Fueron varias las personas que vieron a Alfredo Estrada Luna, de 19 años, corriendo entre los carros, subiendo a las cajas de las camionetas, incluso a una motocicleta y debajo de los vehículos.
Pero nadie sabía que Alfredo quería escapar de un grupo de hombrecillos, de baja estatura, ojos grandes, antenas y color verde, que comenzaron a seguirlo a temprana hora.
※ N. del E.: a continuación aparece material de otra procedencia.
theorem mainTheorem5:
  fixes c :: complex
    and u uh :: "complex poly \<Rightarrow> complex"
    and P Q :: "nat \<Rightarrow> complex poly"
    and a b ah bh :: "nat \<Rightarrow> complex"
    and alpha1 alpha2 beta0 beta1 :: "nat \<Rightarrow> complex"
  assumes qd_u: "quasi_definite u"
    and qd_uh: "quasi_definite uh"
    and u_eq: "u = mult_sq c uh"
    and P_smop: "is_SMOP u P"
    and Q_smop: "is_SMOP uh Q"
    and P_rec: "three_term P a b"
    and Q_rec: "three_term Q ah bh"
    and Q_exp: "\<forall>n\<ge>1. Q n = P n + smult (alpha1 n) (P (n - 1))
                      + (if n \<ge> 2 then smult (alpha2 n) (P (n - 2)) else 0)"
    and P_exp: "\<forall>n. [:-c, 1:]^2 * P n = Q (n + 2) + smult (beta1 n) (Q (n + 1)) + smult (beta0 n) (Q n)"
  defines "L \<equiv> (\<lambda>i j. if j = i then 1 else if Suc j = i then alpha1 i
                   else if j + 2 = i then alpha2 i else 0)"
    and "U \<equiv> (\<lambda>i j. if j = i then beta0 i else if j = Suc i then beta1 i
                   else if j = i + 2 then 1 else 0)"
    and "Jc \<equiv> imat_minus (monic_jacobi a b) (imat_smult c imat_id)"
    and "Jhc \<equiv> imat_minus (monic_jacobi ah bh) (imat_smult c imat_id)"
  shows "(\<forall>n. wronskian (Q (n + 1)) (Q n) c \<noteq> 0)
    \<and> (\<forall>n. beta0 n = wronskian (Q (n + 1)) (Q (n + 2)) c / wronskian (Q n) (Q (n + 1)) c
           \<and> beta0 n \<noteq> 0)
    \<and> (\<forall>n. beta1 n = - (wronskian (Q n) (Q (n + 2)) c / wronskian (Q n) (Q (n + 1)) c))
    \<and> imat_mult Jc Jc = imat_mult U L
    \<and> imat_mult Jhc Jhc = imat_mult L U"
proof -
  have u: "lin_functional u" and uh: "lin_functional uh"
    using qd_u qd_uh unfolding quasi_definite_def by auto
  have W: "wronskian (Q (n + 1)) (Q n) c \<noteq> 0" for n
    by (rule wronskian_consecutive_SMOP_nonzero[OF u uh u_eq P_smop Q_smop])
  have W': "wronskian (Q n) (Q (n + 1)) c \<noteq> 0" for n
    using W[of n] by (simp add: wronskian_swap[of "Q n"])
  have dvd: "[:-c, 1:]^2 dvd Q (n + 2) + smult (beta1 n) (Q (n + 1)) + smult (beta0 n) (Q n)" for n
    using P_exp by (metis dvd_triv_left)
  note beta = double_root_combination_coeffs[OF dvd W']
  have beta0_nonzero: "beta0 n \<noteq> 0" for n
    using W'[of "n + 1"] W'[of n] by (simp add: beta(1) numeral_2_eq_2)
  have matrices: "L = unit_lower_band alpha1 alpha2" "U = upper_band beta0 beta1"
    "Jc = shifted_jacobi a b c" "Jhc = shifted_jacobi ah bh c"
    by (simp_all add: L_def U_def Jc_def Jhc_def unit_lower_band_def upper_band_def
        shifted_jacobi_def)
  have "imat_vec_mult L P = Q"
    unfolding matrices using imat_vec_mult_unit_lower_band[OF Q_exp]
    by (simp add: SMOP_0_eq_1[OF P_smop] SMOP_0_eq_1[OF Q_smop])
  moreover have "imat_vec_mult U Q = (\<lambda>n. [:-c, 1:]^2 * P n)"
    unfolding matrices using imat_vec_mult_upper_band[OF P_exp] .
  ultimately have "imat_mult Jc Jc = imat_mult U L" "imat_mult Jhc Jhc = imat_mult L U"
    using shifted_jacobi_square_factorization[OF u P_smop uh Q_smop P_rec Q_rec]
    by (simp_all add: matrices row_finite_unit_lower_band row_finite_upper_band)
  then show ?thesis
    using beta W beta0_nonzero by blast
qed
Temeroso de que nadie creería en su historia y con lágrimas en los ojos, el joven aseguró que salió de su hogar, ubicado en la colonia Landín, en Saltillo, cuando vio un OVNI.
El joven señaló que el supuesto aparato lo atacó con láseres, lo que ocasionó que en un santiamén Estrada Luna llegara desde su casa hasta la empresa ubicada en Ramos Arizpe.
Sin saber la peligrosa ofensa de la que Alfredo trataba de salvarse, los vigilantes llamaron a los elementos municipales pues quebró un vidrio de un vehículo.
Tras ser detenido, Alfredo, muy asustado, elaboró un retrato hablado de sus “agresores”, al mismo tiempo de asegurar que una noche antes había tomado whisky con su hermano.